(Saved entries)
###

lemma noisy_process_noise_average_tail:
  assumes np: "noisy_process M f fs fn s" and inj: "inj_on y {..<N}" and "N > 0" and "e > 0"
  shows "measure M {\<omega>\<in>space M. e \<le> \<bar>(\<Sum>k<N. fn (y k) \<omega>) / real N\<bar>} \<le> s / (real N * e\<^sup>2)"
proof -
  note np_facts = noisy_processD[OF np]
  interpret prob_space M
    by (rule np_facts(1))
  have [measurable]: "fn x \<in> borel_measurable M" for x
    by (rule np_facts(4))
  define S where "S \<omega> = (\<Sum>k<N. fn (y k) \<omega>)" for \<omega>
  have S_meas[measurable]: "S \<in> borel_measurable M"
    unfolding S_def by measurable
  have S_distr: "distributed M lborel S (normal_density 0 (sqrt (real N * s)))"
    unfolding S_def using noisy_process_noise_sum_distributed[OF np inj \<open>N > 0\<close>] by simp
  have sd_pos: "0 < sqrt (real N * s)"
    using np_facts(2) \<open>N > 0\<close> by simp
  have "integrable lborel (\<lambda>x. normal_density 0 (sqrt (real N * s)) x * x ^ 2)"
    using integrable_normal_moment[OF sd_pos, where \<mu>=0 and k=2] by simp
  then have S_square: "integrable M (\<lambda>\<omega>. S \<omega> ^ 2)"
    using distributed_integrable[OF S_distr, of "\<lambda>x. x ^ 2"] by simp
  have "prob {\<omega>\<in>space M. real N * e \<le> \<bar>S \<omega> - expectation S\<bar>} \<le> variance S / (real N * e)\<^sup>2"
    by (rule Chebyshev_inequality[OF S_meas S_square]) (use \<open>N > 0\<close> \<open>e > 0\<close> in simp)
  moreover have "expectation S = 0" and "variance S = real N * s"
    using normal_distributed_expectation[OF sd_pos S_distr]
      normal_distributed_variance[OF sd_pos S_distr] np_facts(2) by simp_all
  moreover have "(e \<le> \<bar>t / real N\<bar>) = (real N * e \<le> \<bar>t\<bar>)" for t :: real
    using \<open>N > 0\<close> by (simp add: abs_divide pos_le_divide_eq mult.commute)
  moreover have "real N * s / (real N * e)\<^sup>2 = s / (real N * e\<^sup>2)"
    using \<open>N > 0\<close> \<open>e > 0\<close> by (simp add: power2_eq_square)
  ultimately show ?thesis
    unfolding S_def by simp
qed

lemma noisy_process_noise_average_converges:
  assumes np: "noisy_process M f fs fn s" and inj: "\<And>m. inj_on (y m) {..<Suc m}"
  shows "converges_in_prob M (\<lambda>m \<omega>. (\<Sum>k<Suc m. fn (y m k) \<omega>) / real (Suc m)) (\<lambda>_. 0)"
  unfolding converges_in_prob_def
proof (intro allI impI)
  fix e :: real assume "e > 0"
  have bound: "measure M {\<omega>\<in>space M. e < \<bar>(\<Sum>k<Suc m. fn (y m k) \<omega>) / real (Suc m) - 0\<bar>}
      \<le> s / (real (Suc m) * e\<^sup>2)" for m
  proof -
    interpret prob_space M
      by (rule noisy_processD(1)[OF np])
    have [measurable]: "fn x \<in> borel_measurable M" for x
      by (rule noisy_processD(4)[OF np])
    have "measure M {\<omega>\<in>space M. e < \<bar>(\<Sum>k<Suc m. fn (y m k) \<omega>) / real (Suc m) - 0\<bar>}
        \<le> measure M {\<omega>\<in>space M. e \<le> \<bar>(\<Sum>k<Suc m. fn (y m k) \<omega>) / real (Suc m)\<bar>}"
      by (intro finite_measure_mono) auto
    also have "\<dots> \<le> s / (real (Suc m) * e\<^sup>2)"
      by (rule noisy_process_noise_average_tail[OF np inj _ \<open>e > 0\<close>]) simp
    finally show ?thesis .
  qed
  have "(\<lambda>m. s / e\<^sup>2 * inverse (real (Suc m))) \<longlonglongrightarrow> s / e\<^sup>2 * 0"
    by (intro tendsto_mult tendsto_const LIMSEQ_inverse_real_of_nat)
  then have lim: "(\<lambda>m. s / (real (Suc m) * e\<^sup>2)) \<longlonglongrightarrow> 0"
    by (simp add: field_simps)
  show "(\<lambda>m. measure M {\<omega>\<in>space M. e < \<bar>(\<Sum>k<Suc m. fn (y m k) \<omega>) / real (Suc m) - 0\<bar>}) \<longlonglongrightarrow> 0"
    by (rule tendsto_sandwich[OF always_eventually always_eventually tendsto_const lim]) (simp, intro allI bound)
qed

lemma grid_average_tendsto:
  fixes g :: "real \<Rightarrow> real"
  assumes "isCont g x0" and h: "(\<lambda>m. real m * h m) \<longlonglongrightarrow> 0"
  shows "(\<lambda>m. (\<Sum>k<Suc m. g (x0 + real k * h m)) / real (Suc m)) \<longlonglongrightarrow> g x0"
proof (rule LIMSEQ_I)
  fix r :: real assume "r > 0"
  then obtain d where "d > 0" and d: "\<And>x. \<bar>x - x0\<bar> < d \<Longrightarrow> \<bar>g x - g x0\<bar> < r / 2"
    using \<open>isCont g x0\<close> unfolding continuous_at_eps_delta dist_real_def
    by (meson half_gt_zero)
  obtain M where M: "\<And>m. m \<ge> M \<Longrightarrow> \<bar>real m * h m\<bar> < d"
    using LIMSEQ_D[OF h \<open>d > 0\<close>] by auto
  show "\<exists>M. \<forall>m\<ge>M. norm ((\<Sum>k<Suc m. g (x0 + real k * h m)) / real (Suc m) - g x0) < r"
  proof (intro exI allI impI)
    fix m assume "m \<ge> M"
    have close: "\<bar>g (x0 + real k * h m) - g x0\<bar> \<le> r / 2" if "k < Suc m" for k
    proof -
      have "\<bar>real k * h m\<bar> \<le> \<bar>real m * h m\<bar>"
        using that by (simp add: abs_mult mult_right_mono)
      then show ?thesis
        using d[of "x0 + real k * h m"] M[OF \<open>m \<ge> M\<close>] by simp
    qed
    have "\<bar>(\<Sum>k<Suc m. g (x0 + real k * h m)) / real (Suc m) - g x0\<bar>
        = \<bar>\<Sum>k<Suc m. g (x0 + real k * h m) - g x0\<bar> / real (Suc m)"
      by (simp add: sum_subtractf abs_divide field_simps del: sum.lessThan_Suc of_nat_Suc)
    also have "\<dots> \<le> (\<Sum>k<Suc m. \<bar>g (x0 + real k * h m) - g x0\<bar>) / real (Suc m)"
      by (intro divide_right_mono sum_abs) simp
    also have "\<dots> \<le> (\<Sum>k<Suc m. r / 2) / real (Suc m)"
      by (intro divide_right_mono sum_mono close) simp_all
    also have "\<dots> < r"
      using \<open>r > 0\<close> by (simp del: sum.lessThan_Suc of_nat_Suc)
    finally show "norm ((\<Sum>k<Suc m. g (x0 + real k * h m)) / real (Suc m) - g x0) < r"
      by simp
  qed
qed

lemma noisy_process_grid_average_converges:
  assumes np: "noisy_process M f fs fn s"
    and h_pos: "\<And>m. h m > 0" and h: "(\<lambda>m. real m * h m) \<longlonglongrightarrow> 0"
  shows "converges_in_prob M (\<lambda>m \<omega>. (\<Sum>k<Suc m. f (x0 + real k * h m) \<omega>) / real (Suc m)) (fs x0)"
proof -
  note np_facts = noisy_processD[OF np]
  have [measurable]: "fs x \<in> borel_measurable M" "fn x \<in> borel_measurable M" for x
    by (simp_all add: np_facts(3,4))
  have smooth: "converges_in_prob M (\<lambda>m \<omega>. (\<Sum>k<Suc m. fs (x0 + real k * h m) \<omega>) / real (Suc m)) (fs x0)"
  proof (rule converges_in_prob_if_pointwise[OF np_facts(1)])
    fix \<omega> assume "\<omega> \<in> space M"
    then have "isCont (\<lambda>x. fs x \<omega>) x0"
      using np_facts(6) continuous_on_eq_continuous_at by blast
    then show "(\<lambda>m. (\<Sum>k<Suc m. fs (x0 + real k * h m) \<omega>) / real (Suc m)) \<longlonglongrightarrow> fs x0 \<omega>"
      by (rule grid_average_tendsto[OF _ h])
  qed measurable
  have "inj_on (\<lambda>k. x0 + real k * h m) {..<Suc m}" for m
    using h_pos[of m] by (simp add: inj_on_def)
  then have noise: "converges_in_prob M (\<lambda>m \<omega>. (\<Sum>k<Suc m. fn (x0 + real k * h m) \<omega>) / real (Suc m)) (\<lambda>_. 0)"
    by (rule noisy_process_noise_average_converges[OF np])
  have "converges_in_prob M
      (\<lambda>m \<omega>. (\<Sum>k<Suc m. fs (x0 + real k * h m) \<omega>) / real (Suc m)
        + (\<Sum>k<Suc m. fn (x0 + real k * h m) \<omega>) / real (Suc m)) (\<lambda>\<omega>. fs x0 \<omega> + 0)"
    by (rule converges_in_prob_add[OF np_facts(1) _ _ _ _ smooth noise]) measurable
  then have "converges_in_prob M
      (\<lambda>m \<omega>. (\<Sum>k<Suc m. fs (x0 + real k * h m) \<omega>) / real (Suc m)
        + (\<Sum>k<Suc m. fn (x0 + real k * h m) \<omega>) / real (Suc m)) (fs x0)"
    by simp
  then show ?thesis
    by (rule converges_in_prob_cong)
      (simp add: np_facts(5) sum.distrib add_divide_distrib del: sum.lessThan_Suc)
qed

section \<open>Refining grids of inputs\<close>

lemma inj_on_separated:
  fixes x :: "nat \<Rightarrow> real"
  assumes "inj_on x {..<n}"
  obtains d where "d > 0" and "\<And>i j. i < n \<Longrightarrow> j < n \<Longrightarrow> i \<noteq> j \<Longrightarrow> d \<le> \<bar>x i - x j\<bar>"
proof -
  define D where "D = insert 1 {\<bar>x i - x j\<bar> | i j. i < n \<and> j < n \<and> i \<noteq> j}"
  have "D = insert 1 ((\<lambda>(i, j). \<bar>x i - x j\<bar>) ` {(i, j). i < n \<and> j < n \<and> i \<noteq> j})"
    unfolding D_def by auto
  moreover have "finite {(i, j). i < n \<and> j < n \<and> i \<noteq> j}"
    by (rule finite_subset[of _ "{..<n} \<times> {..<n}"]) auto
  ultimately have "finite D"
    by simp
  moreover have "\<forall>a\<in>D. a > 0"
    using assms unfolding D_def inj_on_def by auto
  ultimately have "Min D > 0"
    by (simp add: D_def)
  moreover have "Min D \<le> \<bar>x i - x j\<bar>" if "i < n" "j < n" "i \<noteq> j" for i j
    using \<open>finite D\<close> that by (intro Min_le) (auto simp: D_def)
  ultimately show ?thesis
    by (rule that)
qed

definition grid :: "(nat \<Rightarrow> real) \<Rightarrow> nat \<Rightarrow> real \<Rightarrow> nat \<Rightarrow> real" where
  "grid x K h j = x (j div K) + real (j mod K) * h"

lemma grid_block: "k < K \<Longrightarrow> grid x K h (i * K + k) = x i + real k * h"
  by (simp add: grid_def)

lemma block_index_less: "i < n \<Longrightarrow> k < K \<Longrightarrow> i * K + k < n * (K::nat)"
proof -
  assume "i < n" "k < K"
  then have "i * K + k < Suc i * K"
    by simp
  also have "\<dots> \<le> n * K"
    using \<open>i < n\<close> by (intro mult_right_mono) auto
  finally show ?thesis .
qed

lemma grid_blocks:
  "(\<lambda>i\<in>{..<n}. \<phi> (\<lambda>k\<in>{..<K}. (\<lambda>j\<in>{..<n * K}. f (grid x K h j) \<omega>) (i * K + k)))
    = (\<lambda>i\<in>{..<n}. \<phi> (\<lambda>k\<in>{..<K}. f (x i + real k * h) \<omega>))"
  by (intro restrict_ext arg_cong[where f=\<phi>]) (simp add: block_index_less grid_block)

###

**Problem description**
Each line above where the word "ultimately" occurs should be copied out.

**Problem solution**
  ultimately show ?thesis
  ultimately have "finite D"
  ultimately have "Min D > 0"
  ultimately show ?thesis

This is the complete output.